For the reasons stated below, the court GRANTS Diebold’s Motion to Dismiss but
DENIES Diebold’s Motion for Sanctions (Dkt. No. 22).
The Tenth Circuit generally applies the first-to-file rule, which provides that when
duplicative lawsuits are pending in separate federal courts, the entire action should be decided by
the court in which the action was first filed. Buzas Baseball, Inc. v. Bd. of Regents of the Univ.
of Ga., No. 98-4098, 1999 WL 682883, at *2 (10th Cir. Sept. 2, 1999) (unpublished). This
holding would seem to argue in favor of denying Diebold’s motion to dismiss and litigating the
Utah action, since that case was filed before the action in Ohio. But a district court “may decline
to follow the first-to-file rule and dismiss [an action] if that action was filed for the purpose of
anticipating a trial of the same issues in a court of coordinate jurisdiction.” Id. at *3. See also
Guthy-Renker Fitness LLC v. Icon Health & Fitness, Inc., 179 F.R.D. 264, 271 (C.D. Cal. 1998)
(implying that the first-to-file rule does not carry the same force in situations when the first-filed
suit is deemed anticipatory because the first-to-file rule should not encourage a “race to the
courthouse door in an attempt to preempt a later suit in another forum”); Ontel Prods., Inc. v.
Project Strategies Corp., 899 F. Supp. 1144, 1150 (S.D.N.Y. 1995) (“[O]ne exception [to the
first-to-file rule] exists where the first-filed suit constitutes an ‘improper anticipatory filing.’”).
And district courts are afforded discretion when deciding whether the first-to-file rule or an
exception to that rule applies to the case at hand. MedSpring Grp., Inc. v. Atl. Healthcare Grp.,
Inc., No. 1:05-cv-115, 2006 WL 581018, at *3 (D. Utah March 7, 2006) (unpublished); Icon
Health and Fitness, Inc. v. Beachbody, LLC, 1:11-cv-24-TC, 2011 WL 1899390 (D. Utah May
Most anticipatory filings, “by necessity,  take the form of declaratory judgments.”

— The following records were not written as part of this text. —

lemma cdf_xi1_law:
  assumes comp: "is_composition n lam" and "2 \<le> n" and t: "0 \<le> t" "t \<le> 1"
  shows "\<bar>measure (xi1_law lam) {0..t} - t\<bar> \<le> 1 / n"
proof -
  define N where "N = real (card (Omega lam))"
  have n: "0 < real n" using \<open>2 \<le> n\<close> by simp
  have N: "0 < N" using Omega_nonempty[OF comp] finite_Omega by (simp add: N_def card_gt_0_iff)
  have "0 \<le> n * t" "n * t \<le> n" using t by (simp_all add: mult_left_le)
  then obtain a b where ab: "slope_barrier lam a" "slope_barrier lam b" "a \<le> n * t" "n * t < b"
      "\<forall>q. slope_barrier lam q \<longrightarrow> q \<le> a \<or> b \<le> q"
    by (rule ex_consecutive_barriers[OF comp])
  define c where "c = uniform_cdf a (real b - 1) (n * t)"
  define G where "G = real (card {\<sigma> \<in> Omega lam. pos_one n \<sigma> < a})"
  define H where "H = real (card {\<sigma> \<in> Omega lam. b < pos_one n \<sigma>})"
  have "a < b" using ab(3,4) by linarith
  have "(\<Sum>\<sigma>\<in>Omega lam. measure (uniform_measure lborel (slope_interval lam \<sigma>)) {0..t})
      = (\<Sum>\<sigma>\<in>Omega lam. of_bool (pos_one n \<sigma> < a)
           + c * (1 - of_bool (pos_one n \<sigma> < a) - of_bool (b < pos_one n \<sigma>)))"
    using measure_uniform_slope_interval_atLeastAtMost[OF comp \<open>2 \<le> n\<close> _ ab] \<open>a < b\<close>
    by (intro sum.cong) (auto simp: c_def)
  also have "\<dots> = G + c * (N - G - H)"
    using finite_Omega
    by (simp add: sum.distrib sum_subtractf sum_distrib_left[symmetric] G_def H_def N_def
        Collect_conj_eq Int_commute)
  finally have sum: "measure (xi1_law lam) {0..t} = (G + c * (N - G - H)) / N"
    using measure_xi1_law[OF Omega_nonempty[OF comp]] by (simp add: N_def)
  have bound: "\<bar>n * (G + c * (N - G - H)) - N * (n * t)\<bar> \<le> N"
    using card_pos_one_less_ge[OF comp _ ab(1)] card_pos_one_less_le[OF comp _ ab(1)]
      card_pos_one_greater_ge[OF comp _ ab(2)] card_pos_one_greater_le[OF comp _ ab(2)]
      uniform_cdf_bounds[OF ab(3,4)] \<open>2 \<le> n\<close>
    unfolding G_def H_def N_def c_def by (intro mixture_estimate) auto
  have "(G + c * (N - G - H)) / N - t = (n * (G + c * (N - G - H)) - N * (n * t)) / (n * N)"
    using n N by (simp add: field_simps)
  then have "\<bar>(G + c * (N - G - H)) / N - t\<bar> = \<bar>n * (G + c * (N - G - H)) - N * (n * t)\<bar> / (n * N)"
    using n N by (simp add: abs_divide)
  also have "\<dots> \<le> N / (n * N)" by (rule divide_right_mono) (use bound n N in auto)
  also have "\<dots> = 1 / n" using N by simp
  finally show ?thesis unfolding sum .
qed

Ontel, 899 F. Supp. at 1151. But the procedural posture of this case is unusual. PPS Data
already had a case pending against Diebold in Delaware when it filed a second case against
Diebold in Utah. The court notes that PPS Data filed its case in Utah after Diebold moved to
transfer the Delaware case to the Northern District of Ohio. The court further notes that, upon
the filing of Diebold’s motion to transfer, counsel for PPS Data requested and was granted an
extension of time to respond to that motion. But instead of responding, and on the evening
before its response was due, PPS Data filed its Utah complaint and then dismissed the Delaware
Considering these facts as a whole, the court finds that PPS Data’s actions constitute the
sort of procedural fencing that merits an exception to the first-to-file rule. While this rule
generally protects a plaintiff’s choice of forum, the court need not mandate a rigid application of
the rule when a plaintiff uses it to protect a second choice of forum. PPS Data already chose
Delaware as the original forum for this lawsuit. By dismissing its case there, PPS Data should
not be allowed to pick a second forum for its suit simply because it filed its new complaint a day
before Diebold brought its declaratory judgment action. Accordingly, the court grants Diebold’s
motion to dismiss.
Diebold has also filed a motion for sanctions, but the court does not feel that PPS Data’s
actions were undertaken with sufficient bad faith to merit this penalty. As a result, the court
denies Diebold’s motion for sanctions.
For the foregoing reasons, Diebold’s Motion to Dismiss, or Transfer, and for Sanctions
(Dkt. No. 22) is GRANTED in part and DENIED in part. As discussed at the hearing held in this
matter on May 1, 2012, the case will be dismissed rather than transferred, and the court will not
impose any sanctions. The court orders the clerk to close the case.
SO ORDERED this 22nd day of May, 2012.